*WHAT THIS TASK INVOLVES*
Find the line holding "(\<exists>f :: 'a" in the entries below. Give it again exactly, along with every line after it up to and including the line holding "h \<omega>\<^sub>1)\<close>, and the".

########

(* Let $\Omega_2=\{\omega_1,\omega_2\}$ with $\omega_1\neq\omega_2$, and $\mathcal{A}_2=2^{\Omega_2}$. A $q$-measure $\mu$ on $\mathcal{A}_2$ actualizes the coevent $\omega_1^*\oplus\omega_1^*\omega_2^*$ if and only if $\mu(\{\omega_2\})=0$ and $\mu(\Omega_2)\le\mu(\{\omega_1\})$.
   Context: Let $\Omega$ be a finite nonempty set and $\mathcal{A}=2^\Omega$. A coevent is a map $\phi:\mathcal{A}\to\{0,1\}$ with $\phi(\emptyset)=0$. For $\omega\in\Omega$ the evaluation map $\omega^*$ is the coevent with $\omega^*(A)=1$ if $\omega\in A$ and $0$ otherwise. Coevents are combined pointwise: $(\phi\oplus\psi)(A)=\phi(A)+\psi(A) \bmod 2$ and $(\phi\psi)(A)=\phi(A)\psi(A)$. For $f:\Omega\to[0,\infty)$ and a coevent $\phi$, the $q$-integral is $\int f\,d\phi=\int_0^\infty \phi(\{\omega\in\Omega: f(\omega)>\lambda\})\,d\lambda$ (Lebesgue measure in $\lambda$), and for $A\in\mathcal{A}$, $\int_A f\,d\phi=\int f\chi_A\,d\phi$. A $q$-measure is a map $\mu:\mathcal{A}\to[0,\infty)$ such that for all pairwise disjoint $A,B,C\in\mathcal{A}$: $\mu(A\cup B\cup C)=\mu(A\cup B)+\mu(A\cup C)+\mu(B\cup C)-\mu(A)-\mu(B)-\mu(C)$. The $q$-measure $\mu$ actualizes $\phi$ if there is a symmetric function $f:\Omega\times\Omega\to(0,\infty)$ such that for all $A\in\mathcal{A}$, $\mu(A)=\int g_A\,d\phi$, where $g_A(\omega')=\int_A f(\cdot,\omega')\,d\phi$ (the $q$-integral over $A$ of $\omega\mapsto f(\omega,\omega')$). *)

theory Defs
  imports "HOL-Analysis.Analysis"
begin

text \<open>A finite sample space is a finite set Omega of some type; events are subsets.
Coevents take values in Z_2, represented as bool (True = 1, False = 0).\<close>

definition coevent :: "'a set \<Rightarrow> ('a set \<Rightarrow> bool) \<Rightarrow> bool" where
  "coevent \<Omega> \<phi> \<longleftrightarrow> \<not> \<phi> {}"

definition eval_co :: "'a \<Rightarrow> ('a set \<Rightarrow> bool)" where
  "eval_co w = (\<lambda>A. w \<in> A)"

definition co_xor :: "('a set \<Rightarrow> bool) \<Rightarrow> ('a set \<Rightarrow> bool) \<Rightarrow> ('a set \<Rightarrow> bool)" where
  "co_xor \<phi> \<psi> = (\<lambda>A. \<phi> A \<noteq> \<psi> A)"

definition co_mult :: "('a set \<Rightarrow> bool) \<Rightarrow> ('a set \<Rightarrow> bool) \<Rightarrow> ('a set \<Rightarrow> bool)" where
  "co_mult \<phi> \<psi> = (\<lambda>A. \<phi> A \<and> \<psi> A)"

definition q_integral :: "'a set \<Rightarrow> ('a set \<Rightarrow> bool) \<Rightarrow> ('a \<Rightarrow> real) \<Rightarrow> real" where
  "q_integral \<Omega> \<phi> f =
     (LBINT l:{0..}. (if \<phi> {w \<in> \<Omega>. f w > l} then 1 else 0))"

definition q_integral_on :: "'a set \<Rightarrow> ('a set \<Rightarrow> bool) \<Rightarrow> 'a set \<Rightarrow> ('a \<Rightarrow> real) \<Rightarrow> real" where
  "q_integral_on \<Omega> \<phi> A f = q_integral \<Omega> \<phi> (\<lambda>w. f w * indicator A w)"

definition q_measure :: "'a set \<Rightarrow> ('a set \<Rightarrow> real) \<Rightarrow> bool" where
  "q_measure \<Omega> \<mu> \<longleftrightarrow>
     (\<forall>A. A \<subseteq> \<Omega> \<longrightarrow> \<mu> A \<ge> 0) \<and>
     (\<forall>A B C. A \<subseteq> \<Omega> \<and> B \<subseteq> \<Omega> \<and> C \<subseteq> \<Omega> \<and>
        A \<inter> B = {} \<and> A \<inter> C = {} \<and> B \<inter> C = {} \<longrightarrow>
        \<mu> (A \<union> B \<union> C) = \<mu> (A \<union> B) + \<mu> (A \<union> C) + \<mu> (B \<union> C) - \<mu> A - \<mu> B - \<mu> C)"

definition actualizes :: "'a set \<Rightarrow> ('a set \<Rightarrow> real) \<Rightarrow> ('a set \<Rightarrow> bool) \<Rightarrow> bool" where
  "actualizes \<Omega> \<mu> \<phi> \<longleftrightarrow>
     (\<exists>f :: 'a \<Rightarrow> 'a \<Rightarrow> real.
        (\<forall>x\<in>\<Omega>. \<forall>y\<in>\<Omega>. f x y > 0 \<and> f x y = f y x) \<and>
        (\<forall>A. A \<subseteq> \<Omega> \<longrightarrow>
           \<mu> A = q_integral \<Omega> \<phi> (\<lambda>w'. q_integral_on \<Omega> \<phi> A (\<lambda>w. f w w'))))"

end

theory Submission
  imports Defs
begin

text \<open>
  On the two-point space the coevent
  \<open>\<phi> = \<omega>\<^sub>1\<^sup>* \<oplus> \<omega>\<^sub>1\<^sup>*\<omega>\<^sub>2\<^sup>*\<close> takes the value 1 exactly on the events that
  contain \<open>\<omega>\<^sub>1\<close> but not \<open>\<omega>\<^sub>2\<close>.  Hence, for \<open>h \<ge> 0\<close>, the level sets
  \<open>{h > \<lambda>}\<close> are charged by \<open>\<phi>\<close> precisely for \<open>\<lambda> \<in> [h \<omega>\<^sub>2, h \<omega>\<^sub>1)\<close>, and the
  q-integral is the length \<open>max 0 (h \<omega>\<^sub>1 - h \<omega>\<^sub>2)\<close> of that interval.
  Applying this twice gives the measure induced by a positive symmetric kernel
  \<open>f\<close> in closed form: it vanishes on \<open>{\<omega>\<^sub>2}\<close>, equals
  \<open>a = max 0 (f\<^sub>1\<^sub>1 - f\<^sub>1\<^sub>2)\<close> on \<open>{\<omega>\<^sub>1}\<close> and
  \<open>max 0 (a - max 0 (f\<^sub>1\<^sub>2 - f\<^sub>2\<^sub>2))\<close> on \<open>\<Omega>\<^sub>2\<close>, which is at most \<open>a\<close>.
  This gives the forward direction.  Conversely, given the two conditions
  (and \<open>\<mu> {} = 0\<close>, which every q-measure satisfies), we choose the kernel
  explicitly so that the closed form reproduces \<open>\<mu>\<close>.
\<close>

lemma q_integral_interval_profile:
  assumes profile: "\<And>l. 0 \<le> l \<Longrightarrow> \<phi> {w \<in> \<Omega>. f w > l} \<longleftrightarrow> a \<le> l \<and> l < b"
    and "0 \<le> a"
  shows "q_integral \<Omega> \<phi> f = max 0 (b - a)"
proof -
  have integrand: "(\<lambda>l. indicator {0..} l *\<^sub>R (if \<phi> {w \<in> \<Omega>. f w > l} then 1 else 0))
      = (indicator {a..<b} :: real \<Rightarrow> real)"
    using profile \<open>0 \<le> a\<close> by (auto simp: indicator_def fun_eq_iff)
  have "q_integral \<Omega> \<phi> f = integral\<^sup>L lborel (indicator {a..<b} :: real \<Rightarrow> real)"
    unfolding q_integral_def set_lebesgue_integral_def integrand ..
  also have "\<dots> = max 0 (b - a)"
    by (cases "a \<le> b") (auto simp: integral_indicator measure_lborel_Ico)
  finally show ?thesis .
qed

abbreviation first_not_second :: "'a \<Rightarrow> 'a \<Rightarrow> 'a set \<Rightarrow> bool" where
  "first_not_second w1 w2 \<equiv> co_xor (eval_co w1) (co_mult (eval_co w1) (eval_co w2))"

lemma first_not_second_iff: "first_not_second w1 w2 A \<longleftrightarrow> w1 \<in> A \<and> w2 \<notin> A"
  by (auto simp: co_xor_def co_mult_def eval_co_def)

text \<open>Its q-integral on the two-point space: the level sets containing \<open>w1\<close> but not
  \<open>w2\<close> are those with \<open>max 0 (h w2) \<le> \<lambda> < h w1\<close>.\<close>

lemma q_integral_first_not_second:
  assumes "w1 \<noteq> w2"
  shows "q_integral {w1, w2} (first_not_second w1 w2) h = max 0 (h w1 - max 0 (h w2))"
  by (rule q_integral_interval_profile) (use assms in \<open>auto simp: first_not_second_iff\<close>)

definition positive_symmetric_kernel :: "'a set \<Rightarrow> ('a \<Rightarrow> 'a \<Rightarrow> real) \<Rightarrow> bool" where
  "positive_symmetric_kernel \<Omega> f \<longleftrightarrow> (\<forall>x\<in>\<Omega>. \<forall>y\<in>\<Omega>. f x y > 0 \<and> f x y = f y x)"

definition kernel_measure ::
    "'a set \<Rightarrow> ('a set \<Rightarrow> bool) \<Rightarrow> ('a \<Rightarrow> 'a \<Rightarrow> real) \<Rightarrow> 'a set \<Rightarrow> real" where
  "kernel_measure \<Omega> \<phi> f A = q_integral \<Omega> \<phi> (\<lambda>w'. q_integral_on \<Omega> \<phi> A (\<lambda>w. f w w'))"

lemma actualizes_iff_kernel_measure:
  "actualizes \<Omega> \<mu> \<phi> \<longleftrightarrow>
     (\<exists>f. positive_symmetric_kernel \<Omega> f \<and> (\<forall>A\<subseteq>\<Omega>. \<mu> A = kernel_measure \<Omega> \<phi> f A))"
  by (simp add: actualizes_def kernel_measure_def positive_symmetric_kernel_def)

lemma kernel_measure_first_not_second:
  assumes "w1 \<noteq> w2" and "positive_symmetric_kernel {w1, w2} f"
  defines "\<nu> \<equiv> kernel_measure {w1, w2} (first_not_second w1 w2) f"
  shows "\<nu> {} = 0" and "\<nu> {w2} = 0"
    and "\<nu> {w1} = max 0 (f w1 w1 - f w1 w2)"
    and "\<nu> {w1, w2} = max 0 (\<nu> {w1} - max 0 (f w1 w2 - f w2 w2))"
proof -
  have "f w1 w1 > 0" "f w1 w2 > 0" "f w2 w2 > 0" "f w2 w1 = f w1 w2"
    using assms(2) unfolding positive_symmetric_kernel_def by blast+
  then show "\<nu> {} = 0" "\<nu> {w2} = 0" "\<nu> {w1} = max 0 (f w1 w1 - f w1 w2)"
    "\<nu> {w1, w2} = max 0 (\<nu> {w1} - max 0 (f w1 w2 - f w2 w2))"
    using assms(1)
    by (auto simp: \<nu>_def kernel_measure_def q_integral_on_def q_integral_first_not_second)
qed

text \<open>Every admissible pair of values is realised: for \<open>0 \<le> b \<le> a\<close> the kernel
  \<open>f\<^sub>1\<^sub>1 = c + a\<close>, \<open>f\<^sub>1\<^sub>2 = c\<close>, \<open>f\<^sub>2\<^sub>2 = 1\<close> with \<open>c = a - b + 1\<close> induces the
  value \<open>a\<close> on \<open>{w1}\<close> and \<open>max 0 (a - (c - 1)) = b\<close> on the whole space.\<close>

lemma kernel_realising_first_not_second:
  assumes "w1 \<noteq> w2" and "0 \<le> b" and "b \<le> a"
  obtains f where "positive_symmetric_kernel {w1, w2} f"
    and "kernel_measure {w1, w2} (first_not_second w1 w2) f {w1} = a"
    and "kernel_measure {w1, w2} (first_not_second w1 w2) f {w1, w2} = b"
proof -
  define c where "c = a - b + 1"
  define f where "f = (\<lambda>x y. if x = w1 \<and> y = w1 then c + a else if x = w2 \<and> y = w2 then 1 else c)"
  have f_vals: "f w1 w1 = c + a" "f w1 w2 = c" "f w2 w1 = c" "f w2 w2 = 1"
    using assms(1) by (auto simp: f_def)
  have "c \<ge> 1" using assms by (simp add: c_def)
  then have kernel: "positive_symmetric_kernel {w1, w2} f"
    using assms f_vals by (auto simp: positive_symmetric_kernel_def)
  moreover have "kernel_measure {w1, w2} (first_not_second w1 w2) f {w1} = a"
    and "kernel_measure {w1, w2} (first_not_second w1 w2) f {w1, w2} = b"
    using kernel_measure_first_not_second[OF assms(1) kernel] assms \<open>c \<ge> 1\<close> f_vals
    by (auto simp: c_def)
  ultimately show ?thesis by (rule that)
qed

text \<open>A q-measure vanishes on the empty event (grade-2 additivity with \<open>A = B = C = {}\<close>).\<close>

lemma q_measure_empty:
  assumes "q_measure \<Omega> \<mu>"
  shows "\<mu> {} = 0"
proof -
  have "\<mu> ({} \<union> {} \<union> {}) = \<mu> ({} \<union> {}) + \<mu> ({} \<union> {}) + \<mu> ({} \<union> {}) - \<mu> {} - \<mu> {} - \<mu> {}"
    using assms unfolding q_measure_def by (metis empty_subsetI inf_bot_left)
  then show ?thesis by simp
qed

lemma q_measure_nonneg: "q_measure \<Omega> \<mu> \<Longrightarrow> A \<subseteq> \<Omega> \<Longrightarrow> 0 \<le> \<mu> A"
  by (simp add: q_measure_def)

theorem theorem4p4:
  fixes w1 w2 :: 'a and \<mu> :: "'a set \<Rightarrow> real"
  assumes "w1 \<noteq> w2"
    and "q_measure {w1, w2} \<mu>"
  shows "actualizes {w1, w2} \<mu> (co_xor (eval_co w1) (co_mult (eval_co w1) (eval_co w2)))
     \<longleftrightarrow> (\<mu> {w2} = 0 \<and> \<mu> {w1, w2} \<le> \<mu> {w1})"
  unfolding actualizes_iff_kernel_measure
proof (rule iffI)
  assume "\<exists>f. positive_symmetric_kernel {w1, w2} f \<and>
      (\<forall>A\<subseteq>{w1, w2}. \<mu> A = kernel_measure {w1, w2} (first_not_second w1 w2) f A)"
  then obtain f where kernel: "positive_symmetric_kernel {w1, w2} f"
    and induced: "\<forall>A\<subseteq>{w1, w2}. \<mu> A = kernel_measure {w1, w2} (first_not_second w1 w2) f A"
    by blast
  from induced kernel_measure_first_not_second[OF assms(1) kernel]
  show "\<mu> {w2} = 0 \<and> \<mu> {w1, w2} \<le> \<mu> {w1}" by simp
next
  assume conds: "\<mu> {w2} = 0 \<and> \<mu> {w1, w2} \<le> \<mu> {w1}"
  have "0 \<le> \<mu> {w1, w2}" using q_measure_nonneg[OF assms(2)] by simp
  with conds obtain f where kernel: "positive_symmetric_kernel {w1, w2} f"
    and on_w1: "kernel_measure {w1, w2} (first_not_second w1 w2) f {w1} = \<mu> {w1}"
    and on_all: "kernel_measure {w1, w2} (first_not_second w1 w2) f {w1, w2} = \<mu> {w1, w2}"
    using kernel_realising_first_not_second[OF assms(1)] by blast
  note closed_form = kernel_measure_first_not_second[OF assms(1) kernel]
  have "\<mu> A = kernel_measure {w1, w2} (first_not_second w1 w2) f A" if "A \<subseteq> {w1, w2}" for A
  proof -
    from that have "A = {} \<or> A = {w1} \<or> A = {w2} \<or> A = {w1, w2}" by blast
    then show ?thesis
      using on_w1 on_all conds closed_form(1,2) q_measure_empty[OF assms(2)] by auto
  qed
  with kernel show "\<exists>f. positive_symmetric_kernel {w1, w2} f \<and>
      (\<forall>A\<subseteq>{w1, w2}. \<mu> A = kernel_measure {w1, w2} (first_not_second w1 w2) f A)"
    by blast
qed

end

########

*OUTPUT FOR THIS TASK*
     (\<exists>f :: 'a \<Rightarrow> 'a \<Rightarrow> real.
        (\<forall>x\<in>\<Omega>. \<forall>y\<in>\<Omega>. f x y > 0 \<and> f x y = f y x) \<and>
        (\<forall>A. A \<subseteq> \<Omega> \<longrightarrow>
           \<mu> A = q_integral \<Omega> \<phi> (\<lambda>w'. q_integral_on \<Omega> \<phi> A (\<lambda>w. f w w'))))"

end

theory Submission
  imports Defs
begin

text \<open>
  On the two-point space the coevent
  \<open>\<phi> = \<omega>\<^sub>1\<^sup>* \<oplus> \<omega>\<^sub>1\<^sup>*\<omega>\<^sub>2\<^sup>*\<close> takes the value 1 exactly on the events that
  contain \<open>\<omega>\<^sub>1\<close> but not \<open>\<omega>\<^sub>2\<close>.  Hence, for \<open>h \<ge> 0\<close>, the level sets
  \<open>{h > \<lambda>}\<close> are charged by \<open>\<phi>\<close> precisely for \<open>\<lambda> \<in> [h \<omega>\<^sub>2, h \<omega>\<^sub>1)\<close>, and the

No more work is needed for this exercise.